- Provided data -

lemma contract_indep_insert_iff:
  assumes "contract_indep E indep X F" "s \<notin> F"
  shows "contract_indep E indep X (insert s F) \<longleftrightarrow> s \<in> E - closure E indep (F \<union> X)"
proof -
  have F: "F \<subseteq> E - X" "rank indep (F \<union> X) = card F + rank indep X"
    using assms(1) unfolding contract_indep_def by auto
  have card_insert: "card (insert s F) = Suc (card F)"
    using assms(2) contract_indep_imp_indep[OF assms(1)] finite_indep by simp
  have "contract_indep E indep X (insert s F) \<longleftrightarrow>
      s \<in> E - X \<and> rank indep (insert s (F \<union> X)) = rank indep (F \<union> X) + 1"
    unfolding contract_indep_def card_insert using F by auto
  also have "\<dots> \<longleftrightarrow> s \<in> E - closure E indep (F \<union> X)"
    using rank_insert_le[of s "F \<union> X"] rank_mono[OF subset_insertI, of "F \<union> X" s]
    unfolding closure_def by (auto simp: insert_absorb)
  finally show ?thesis .
qed

lemma parallel_contract_imp_closure:
  assumes "parallel (E - X) (contract_indep E indep X) e s"
  shows "s \<in> closure E indep (insert e X)"
proof -
  have "contract_indep E indep X {e}" "\<not> contract_indep E indep X (insert s {e})" "s \<in> E" "s \<noteq> e"
    using assms unfolding parallel_def by (auto simp: insert_commute)
  then show ?thesis
    using contract_indep_insert_iff[of X "{e}" s] by auto
qed

lemma flat_if_flat_in_contract_simplification:
  assumes "simple E indep"
    and "simplification_set (E - X) (contract_indep E indep X) S"
    and "contract_indep E indep X F"
    and "flat S (restrict_indep (contract_indep E indep X) S) F"
  shows "flat E indep F"
proof -
  interpret contraction: finite_set_system "E - X" "contract_indep E indep X"
    by (rule contract_set_system)
  have "F \<subseteq> E"
    using assms(3) unfolding contract_indep_def by auto
  have skew: "rank indep (F \<union> X) = rank indep F + rank indep X"
    using assms(3) rank_of_indep[OF contract_indep_imp_indep[OF assms(3)]]
    unfolding contract_indep_def by simp
  have "closure E indep F \<subseteq> F"
  proof
    fix e
    assume e: "e \<in> closure E indep F"
    then have "e \<in> E"
      unfolding closure_def by simp
    have "e \<notin> closure E indep X"
    proof
      assume "e \<in> closure E indep X"
      then have "e \<in> closure E indep {}"
        using closure_inter_skew[OF skew empty_subsetI e] by simp
      then show False
        using closure_eq_if_simple_card_le_1[OF assms(1)] by simp
    qed
    with \<open>e \<in> E\<close> have "contract_indep E indep X {e}"
      using contract_indep_insert_iff[OF contraction.indep_empty, of e] by simp
    then have "e \<in> E - X" "\<not> is_loop (E - X) (contract_indep E indep X) e"
      unfolding contract_indep_def is_loop_def by auto
    then obtain s where s: "s \<in> S" "s = e \<or> parallel (E - X) (contract_indep E indep X) e s"
      using assms(2) unfolding simplification_set_def by metis
    have "s \<in> E"
      using s(1) assms(2) unfolding simplification_set_def by auto
    have "e \<in> closure E indep (insert s X) \<and> s \<in> closure E indep (insert e X)"
    proof (cases "s = e")
      case True
      with \<open>e \<in> E\<close> show ?thesis
        by (simp add: mem_closure_insert)
    next
      case False
      with s(2) have "parallel (E - X) (contract_indep E indep X) e s"
        by simp
      then show ?thesis
        by (simp add: parallel_contract_imp_closure parallel_sym)
    qed
    then have e_s: "e \<in> closure E indep (insert s X)" and s_e: "s \<in> closure E indep (insert e X)"
      by auto
    show "e \<in> F"
    proof (cases "s \<in> F")
      case True
      with e e_s have "e \<in> closure E indep {s}"
        using closure_inter_skew[OF skew, of "{s}" e] by simp
      with True \<open>s \<in> E\<close> show ?thesis
        using closure_eq_if_simple_card_le_1[OF assms(1), of "{s}"] by simp
    next
      case False
      with s(1) have "contract_indep E indep X (insert s F)"
        using contraction.insert_indep_if_flat_restrict[OF assms(4,3)] by blast
      then have "s \<notin> closure E indep (F \<union> X)"
        using contract_indep_insert_iff[OF assms(3) False] by blast
      moreover have "s \<in> closure E indep (F \<union> X)"
      proof (rule closure_absorb)
        show "e \<in> closure E indep (F \<union> X)"
          using e closure_mono[of F "F \<union> X"] by auto
        show "s \<in> closure E indep (insert e (F \<union> X))"
          using s_e closure_mono[of "insert e X" "insert e (F \<union> X)"] by auto
      qed
      ultimately show ?thesis
        by contradiction
    qed
  qed
  with \<open>F \<subseteq> E\<close> show ?thesis
    unfolding flat_def using subset_closure by blast
qed

end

- Aim of the exercise -
Output the records verbatim, from the first line to the last.

- Expected answer -
lemma contract_indep_insert_iff:
  assumes "contract_indep E indep X F" "s \<notin> F"
  shows "contract_indep E indep X (insert s F) \<longleftrightarrow> s \<in> E - closure E indep (F \<union> X)"
proof -
  have F: "F \<subseteq> E - X" "rank indep (F \<union> X) = card F + rank indep X"
    using assms(1) unfolding contract_indep_def by auto
  have card_insert: "card (insert s F) = Suc (card F)"
    using assms(2) contract_indep_imp_indep[OF assms(1)] finite_indep by simp
  have "contract_indep E indep X (insert s F) \<longleftrightarrow>
      s \<in> E - X \<and> rank indep (insert s (F \<union> X)) = rank indep (F \<union> X) + 1"
    unfolding contract_indep_def card_insert using F by auto
  also have "\<dots> \<longleftrightarrow> s \<in> E - closure E indep (F \<union> X)"
    using rank_insert_le[of s "F \<union> X"] rank_mono[OF subset_insertI, of "F \<union> X" s]
    unfolding closure_def by (auto simp: insert_absorb)
  finally show ?thesis .
qed

lemma parallel_contract_imp_closure:
  assumes "parallel (E - X) (contract_indep E indep X) e s"
  shows "s \<in> closure E indep (insert e X)"
proof -
  have "contract_indep E indep X {e}" "\<not> contract_indep E indep X (insert s {e})" "s \<in> E" "s \<noteq> e"
    using assms unfolding parallel_def by (auto simp: insert_commute)
  then show ?thesis
    using contract_indep_insert_iff[of X "{e}" s] by auto
qed

lemma flat_if_flat_in_contract_simplification:
  assumes "simple E indep"
    and "simplification_set (E - X) (contract_indep E indep X) S"
    and "contract_indep E indep X F"
    and "flat S (restrict_indep (contract_indep E indep X) S) F"
  shows "flat E indep F"
proof -
  interpret contraction: finite_set_system "E - X" "contract_indep E indep X"
    by (rule contract_set_system)
  have "F \<subseteq> E"
    using assms(3) unfolding contract_indep_def by auto
  have skew: "rank indep (F \<union> X) = rank indep F + rank indep X"
    using assms(3) rank_of_indep[OF contract_indep_imp_indep[OF assms(3)]]
    unfolding contract_indep_def by simp
  have "closure E indep F \<subseteq> F"
  proof
    fix e
    assume e: "e \<in> closure E indep F"
    then have "e \<in> E"
      unfolding closure_def by simp
    have "e \<notin> closure E indep X"
    proof
      assume "e \<in> closure E indep X"
      then have "e \<in> closure E indep {}"
        using closure_inter_skew[OF skew empty_subsetI e] by simp
      then show False
        using closure_eq_if_simple_card_le_1[OF assms(1)] by simp
    qed
    with \<open>e \<in> E\<close> have "contract_indep E indep X {e}"
      using contract_indep_insert_iff[OF contraction.indep_empty, of e] by simp
    then have "e \<in> E - X" "\<not> is_loop (E - X) (contract_indep E indep X) e"
      unfolding contract_indep_def is_loop_def by auto
    then obtain s where s: "s \<in> S" "s = e \<or> parallel (E - X) (contract_indep E indep X) e s"
      using assms(2) unfolding simplification_set_def by metis
    have "s \<in> E"
      using s(1) assms(2) unfolding simplification_set_def by auto
    have "e \<in> closure E indep (insert s X) \<and> s \<in> closure E indep (insert e X)"
    proof (cases "s = e")
      case True
      with \<open>e \<in> E\<close> show ?thesis
        by (simp add: mem_closure_insert)
    next
      case False
      with s(2) have "parallel (E - X) (contract_indep E indep X) e s"
        by simp
      then show ?thesis
        by (simp add: parallel_contract_imp_closure parallel_sym)
    qed
    then have e_s: "e \<in> closure E indep (insert s X)" and s_e: "s \<in> closure E indep (insert e X)"
      by auto
    show "e \<in> F"
    proof (cases "s \<in> F")
      case True
      with e e_s have "e \<in> closure E indep {s}"
        using closure_inter_skew[OF skew, of "{s}" e] by simp
      with True \<open>s \<in> E\<close> show ?thesis
        using closure_eq_if_simple_card_le_1[OF assms(1), of "{s}"] by simp
    next
      case False
      with s(1) have "contract_indep E indep X (insert s F)"
        using contraction.insert_indep_if_flat_restrict[OF assms(4,3)] by blast
      then have "s \<notin> closure E indep (F \<union> X)"
        using contract_indep_insert_iff[OF assms(3) False] by blast
      moreover have "s \<in> closure E indep (F \<union> X)"
      proof (rule closure_absorb)
        show "e \<in> closure E indep (F \<union> X)"
          using e closure_mono[of F "F \<union> X"] by auto
        show "s \<in> closure E indep (insert e (F \<union> X))"
          using s_e closure_mono[of "insert e X" "insert e (F \<union> X)"] by auto
      qed
      ultimately show ?thesis
        by contradiction
    qed
  qed
  with \<open>F \<subseteq> E\<close> show ?thesis
    unfolding flat_def using subset_closure by blast
qed

end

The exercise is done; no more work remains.